*** RECORDS SUPPLIED ***

lemma tree_cover_tree_through_walk:
  assumes cover: "is_tree_cover V E wt R S C" and "3 \<le> card V"
    and nonneg: "\<forall>e\<in>E. 0 \<le> wt e" and "u \<in> S"
    and p: "walk_in (V - R) (del_edges E R) p" "hd p = u" "last p = v"
  obtains w where "w \<in> S" "is_subtree (V - R) (del_edges E R) (C w)" "troot (C w) = w"
    "u \<in> tverts (C w)" "v \<in> tverts (C w)"
    "dep wt (C w) u + dep wt (C w) v \<le> (2 * ln (real (card V)) - 1) * plen wt p"
proof -
  let ?c = "2 * ln (real (card V)) - 1"
  have dist: "dist_del V E wt R u v \<le> ereal (plen wt p)"
    using gdist_le_plen[OF p(1)] nonneg p(2,3) by (auto simp: dist_del_def del_edges_def)
  have "v \<in> V - R" using p(1,3) last_in_set[of p] by (auto simp: walk_in_def)
  moreover have "dist_del V E wt R u v < \<infinity>" using dist by (rule le_less_trans) simp
  ultimately obtain w where w: "w \<in> S" "u \<in> tverts (C w)" "v \<in> tverts (C w)"
    and dep: "ereal (dep wt (C w) u + dep wt (C w) v) \<le> ereal ?c * dist_del V E wt R u v"
    using cover \<open>u \<in> S\<close> unfolding is_tree_cover_def Let_def by blast
  have "0 \<le> ?c" using one_le_ln_card[OF \<open>3 \<le> card V\<close>] by simp
  note dep
  also have "ereal ?c * dist_del V E wt R u v \<le> ereal ?c * ereal (plen wt p)"
    using \<open>0 \<le> ?c\<close> by (intro ereal_mult_left_mono[OF dist]) simp
  finally have "dep wt (C w) u + dep wt (C w) v \<le> ?c * plen wt p" by simp
  moreover have "is_subtree (V - R) (del_edges E R) (C w)" "troot (C w) = w"
    using cover w(1) by (simp_all add: is_tree_cover_def Let_def)
  ultimately show ?thesis using that w by blast
qed

lemma top_level_vertex:
  assumes Us: "i < length Us" "set P \<subseteq> Us ! i"
    and P: "P \<noteq> []" "distinct P" "hd P = x" "last P = f" "x \<noteq> f"
    and lvl: "lvl Us f \<le> lvl Us x"
  obtains P1 y P2 where "P = P1 @ y # P2" "f \<notin> set (P1 @ [y])"
    "lvl Us y < length Us" "y \<in> Us ! lvl Us y" "set P \<inter> nextU Us (lvl Us y) = {}"
proof -
  obtain Px where P_snoc: "P = Px @ [f]" using P(1,4) by (cases P rule: rev_cases) auto
  have "x \<in> set Px" using P(3,5) P_snoc by (cases Px) auto
  then have "set Px \<noteq> {}" by auto
  then obtain y where y: "y \<in> set Px" and y_max: "Max (lvl Us ` set Px) = lvl Us y"
    by (rule obtains_MAX[OF finite_set])
  have "lvl Us v \<le> lvl Us y" if "v \<in> set P" for v
    using that lvl Max_ge[of "lvl Us ` set Px"] \<open>x \<in> set Px\<close> P_snoc
    by (auto simp flip: y_max intro: order.trans)
  then have "set P \<inter> nextU Us (lvl Us y) = {}" using lvl_less_if_mem_nextU by force
  moreover have "lvl Us y < length Us" "y \<in> Us ! lvl Us y"
    using lvl_mem[OF Us(1)] Us(2) y P_snoc by auto
  moreover obtain P1 P2 where split: "P = P1 @ y # P2"
    using y P_snoc split_list[of y P] by auto
  moreover have "f \<notin> set (P1 @ [y])"
  proof -
    have "last (y # P2) = f" using P(4) split by simp
    then have "f \<notin> set P1" using P(2) split last_in_set[of "y # P2"] by auto
    moreover have "y \<noteq> f" using P(2) P_snoc y by auto
    ultimately show ?thesis by simp
  qed
  ultimately show ?thesis using that by blast
qed

lemma cover_tree_at_top_level:
  assumes covers: "\<forall>R S. R \<subseteq> V \<longrightarrow> S \<subseteq> V \<longrightarrow> is_tree_cover V E wt R (S - R) (TCR R S)"
    and "0 \<le> s" and Us: "hier_path s d TCR V Us" and "3 \<le> card V"
    and nonneg: "\<forall>e\<in>E. 0 \<le> wt e"
    and P: "path_betw V E x f P" "x \<noteq> f" and lvl: "lvl Us f \<le> lvl Us x"
  obtains P1 y P2 S T where "P = P1 @ y # P2" "f \<notin> set (P1 @ [y])"
    "(S, T) \<in> cov_trees TCR Us" "is_subtree V E T" "y \<in> S" "troot T \<in> S"
    "y \<in> tverts T" "f \<in> tverts T"
    "dep wt T y + dep wt T f \<le> (2 * ln (real (card V)) - 1) * plen wt (y # P2)"
proof -
  have "0 < length Us" "Us ! 0 = V" using Us by (auto simp: hier_path_def hd_conv_nth)
  moreover have walk: "walk_in V E P" "distinct P" "hd P = x" "last P = f"
    using P(1) by (simp_all add: path_betw_def path_in_def)
  ultimately obtain P1 y P2 where split: "P = P1 @ y # P2" "f \<notin> set (P1 @ [y])"
    and j: "lvl Us y < length Us" "y \<in> Us ! lvl Us y" "set P \<inter> nextU Us (lvl Us y) = {}"
    using top_level_vertex[of 0 Us P x f] P(2) lvl by (auto simp: walk_in_def)
  define S where "S = Us ! lvl Us y"
  define R where "R = nextU Us (lvl Us y)"
  have "walk_in V E (y # P2)" using walk(1) walk_in_append_Cons_iff[of V E P1 y P2] split by simp
  then have "walk_in (V - R) (del_edges E R) (y # P2)"
    using j(3) split(1) by (intro walk_in_del_edges) (auto simp: R_def)
  moreover have "last (y # P2) = f" using walk(4) split by simp
  moreover have "S \<subseteq> V" "R \<subseteq> V"
    using hier_path_subset[OF covers \<open>0 \<le> s\<close> Us] j(1) by (auto simp: S_def R_def nextU_def)
  then have "is_tree_cover V E wt R (S - R) (TCR R S)" using covers by blast
  moreover have "y \<in> S - R" using j split(1) by (auto simp: S_def R_def)
  ultimately obtain w where w: "w \<in> S - R" "is_subtree (V - R) (del_edges E R) (TCR R S w)"
    "troot (TCR R S w) = w" "y \<in> tverts (TCR R S w)" "f \<in> tverts (TCR R S w)"
    "dep wt (TCR R S w) y + dep wt (TCR R S w) f \<le> (2 * ln (real (card V)) - 1) * plen wt (y # P2)"
    using tree_cover_tree_through_walk[OF _ \<open>3 \<le> card V\<close> nonneg] by (metis list.sel(1))
  have "(S - R, TCR R S w) \<in> cov_trees TCR Us"
    unfolding cov_trees_def S_def R_def using j(1) w(1) S_def R_def by blast
  moreover have "is_subtree V E (TCR R S w)" using w(2) by (auto simp: is_subtree_def del_edges_def)
  ultimately show ?thesis
    using w \<open>y \<in> S - R\<close> by (intro that[OF split, of "S - R" "TCR R S w"]) auto
qed

lemma VH_vertex_via_cover_tree:
  assumes ST: "(S, T) \<in> cov_trees TCR Us" "is_subtree V E T"
    and nonneg: "\<forall>e\<in>E. 0 \<le> wt e"
    and y: "y \<in> S" "y \<in> tverts T" and root: "troot T \<in> S"
    and f: "f \<in> D" "f \<in> tverts T"
    and xs: "walk_in V E (xs @ [y])" "set (xs @ [y]) \<inter> D = {}"
  obtains z where "z \<in> VH TCR Us D s0 t0"
    "dist_del V E wt D (hd (xs @ [y])) z \<le> plen wt (xs @ [y]) + dep wt T y + dep wt T f"
proof -
  have tree_nonneg: "\<forall>e\<in>tedges T. 0 \<le> wt e" using ST(2) nonneg by (auto simp: is_subtree_def)
  have "y \<notin> D" using xs(2) by auto
  have "0 \<le> dep wt T f" using dep_nonneg[OF ST(2) tree_nonneg f(2)] .
  obtain g z p where g: "g \<in> D" "g \<in> tverts T" "z \<in> NT S T g"
    and p: "walk_in (tverts T - D) (tedges T) p" "hd p = y" "last p = z"
      "plen wt p \<le> dep wt T y + dep wt T f"
  proof (cases "\<exists>v\<in>set (tpath T y (troot T)). v \<in> D")
    case True
    then obtain g z p where "g \<in> D" "g \<in> tverts T" "z \<in> tchildren T g \<inter> trunk S T"
      "walk_in (tverts T - D) (tedges T) p" "hd p = y" "last p = z" "plen wt p \<le> dep wt T y"
      by (rule tree_walk_to_trunk_child[OF ST(2) tree_nonneg y \<open>y \<notin> D\<close> root])
    then show ?thesis using that[of g z p] \<open>0 \<le> dep wt T f\<close> by (simp add: NT_def)
  next
    case False
    then have "set (tpath T y (troot T)) \<inter> D = {}" by auto
    then obtain g p where "g \<in> D" "g \<in> tverts T" "g \<noteq> troot T"
      "walk_in (tverts T - D) (tedges T) p" "hd p = y" "last p = tparent T g"
      "plen wt p \<le> dep wt T y + dep wt T f"
      by (rule tree_walk_to_parent[OF ST(2) tree_nonneg y(2) _ f])
    then show ?thesis using that[of g "tparent T g" p] by (simp add: NT_def)
  qed
  obtain p' where p': "p = y # p'" using p(1,2) by (cases p) (auto simp: walk_in_def)
  have "z \<notin> D" using p(1,3) last_in_set[of p] by (auto simp: walk_in_def)
  then have "z \<in> VH TCR Us D s0 t0" using ST(1) g unfolding VH_def Nf_def by blast
  have "walk_in V E (y # p')"
    using walk_in_mono[OF p(1), of V E] ST(2) unfolding p' is_subtree_def by blast
  moreover have "set (xs @ y # p') \<inter> D = {}" using xs(2) p(1) p' by (auto simp: walk_in_Diff_iff)
  ultimately have "dist_del V E wt D (hd (xs @ [y])) (last (y # p'))
      \<le> plen wt (xs @ [y]) + plen wt (y # p')"
    using xs(1) nonneg by (intro dist_del_le_plen_append)
  then have "dist_del V E wt D (hd (xs @ [y])) z \<le> plen wt (xs @ [y]) + plen wt p"
    using p(3) unfolding p' by (simp only:)
  also have "\<dots> \<le> plen wt (xs @ [y]) + dep wt T y + dep wt T f" using p(4) by simp
  finally show ?thesis using that \<open>z \<in> VH TCR Us D s0 t0\<close> by blast
qed

theorem lemma3p5:
  fixes V :: "'a set" and E :: "'a set set" and wt :: "'a set \<Rightarrow> real" and W :: real
    and d :: nat and c :: real
    and TCR :: "'a set \<Rightarrow> 'a set \<Rightarrow> 'a \<Rightarrow> 'a rtree"
    and D :: "'a set" and Us :: "'a set list" and s0 t0 f x :: 'a and P :: "'a list"
  defines "n \<equiv> real (card V)"
  defines "k \<equiv> ln n"
  defines "s \<equiv> 4 * exp 1 * real d powr (c + 1) * (ln n)\<^sup>2 + 1"
  assumes graph: "wgraph V E wt W"
    and n3: "card V \<ge> 3"
    and usp: "unique_sp V E wt"
    and d2: "d \<ge> 2" and c1: "c \<ge> 1"
    and covers: "\<forall>R S. R \<subseteq> V \<longrightarrow> S \<subseteq> V \<longrightarrow> is_tree_cover V E wt R (S - R) (TCR R S)"
    and DV: "D \<subseteq> V" and Dcard: "card D \<le> d"
    and hpath: "hier_path s d TCR V Us"
    and lowdeg: "\<forall>g\<in>D. \<forall>(S, T) \<in> cov_trees TCR Us. g \<in> tverts T \<longrightarrow> real (pdeg S T g) \<le> s"
    and s0: "s0 \<in> V - D" and t0: "t0 \<in> V - D"
    and fD: "f \<in> D" and xV: "x \<in> V - D"
    and lvl: "lvl Us x \<ge> lvl Us f"
    and P: "path_betw V E x f P" and PD: "set P \<inter> D \<subseteq> {f}"
  shows "\<exists>w\<in>VH TCR Us D s0 t0. dist_del V E wt D x w \<le> ereal (2 * k - 1) * ereal (plen wt P)"
proof -
  have nonneg: "\<forall>e\<in>E. 0 \<le> wt e"
    using graph unfolding wgraph_def by (auto intro: order.trans[OF zero_le_one])
  have "1 \<le> k" unfolding k_def n_def using n3 by (rule one_le_ln_card)
  have "0 \<le> s" unfolding s_def by simp
  have "x \<noteq> f" using xV fD by auto
  obtain P1 y P2 S T where split: "P = P1 @ y # P2" "f \<notin> set (P1 @ [y])"
    and ST: "(S, T) \<in> cov_trees TCR Us" "is_subtree V E T" "y \<in> S" "troot T \<in> S"
      "y \<in> tverts T" "f \<in> tverts T"
    and dep: "dep wt T y + dep wt T f \<le> (2 * k - 1) * plen wt (y # P2)"
    using cover_tree_at_top_level[OF covers \<open>0 \<le> s\<close> hpath n3 nonneg P \<open>x \<noteq> f\<close> lvl]
    unfolding k_def n_def by blast
  have walk: "walk_in V E P" "hd P = x" using P by (simp_all add: path_betw_def path_in_def)
  have "set (P1 @ [y]) \<inter> D = {}" using PD split by auto
  moreover have "walk_in V E (P1 @ [y])"
    using walk(1) walk_in_append_Cons_iff[of V E P1 y P2] split(1) by simp
  moreover have "hd (P1 @ [y]) = x" using walk(2) split(1) by (cases P1) auto
  ultimately obtain z where "z \<in> VH TCR Us D s0 t0"
    and dist: "dist_del V E wt D x z \<le> plen wt (P1 @ [y]) + dep wt T y + dep wt T f"
    using VH_vertex_via_cover_tree[OF ST(1,2) nonneg ST(3,5,4) fD ST(6)] by metis
  have "0 \<le> plen wt (P1 @ [y])" using plen_nonneg \<open>walk_in V E (P1 @ [y])\<close> nonneg by blast
  then have "plen wt (P1 @ [y]) \<le> (2 * k - 1) * plen wt (P1 @ [y])"
    using \<open>1 \<le> k\<close> mult_right_mono[of 1 "2 * k - 1" "plen wt (P1 @ [y])"] by simp
  moreover have "plen wt P = plen wt (P1 @ [y]) + plen wt (y # P2)"
    unfolding split(1) by (rule plen_append_Cons)
  ultimately have "plen wt (P1 @ [y]) + dep wt T y + dep wt T f \<le> (2 * k - 1) * plen wt P"
    using dep by (simp add: distrib_left)
  with dist \<open>z \<in> VH TCR Us D s0 t0\<close> show ?thesis by (intro bexI[of _ z]) (auto simp: order_trans)
qed

end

*** End of RECORDS SUPPLIED ***

• REQUIRED ACTION: Among the lines of the material above, find those with the word "equiv". Copy each one.

• EXERCISE SOLUTION:
  defines "n \<equiv> real (card V)"
  defines "k \<equiv> ln n"
  defines "s \<equiv> 4 * exp 1 * real d powr (c + 1) * (ln n)\<^sup>2 + 1"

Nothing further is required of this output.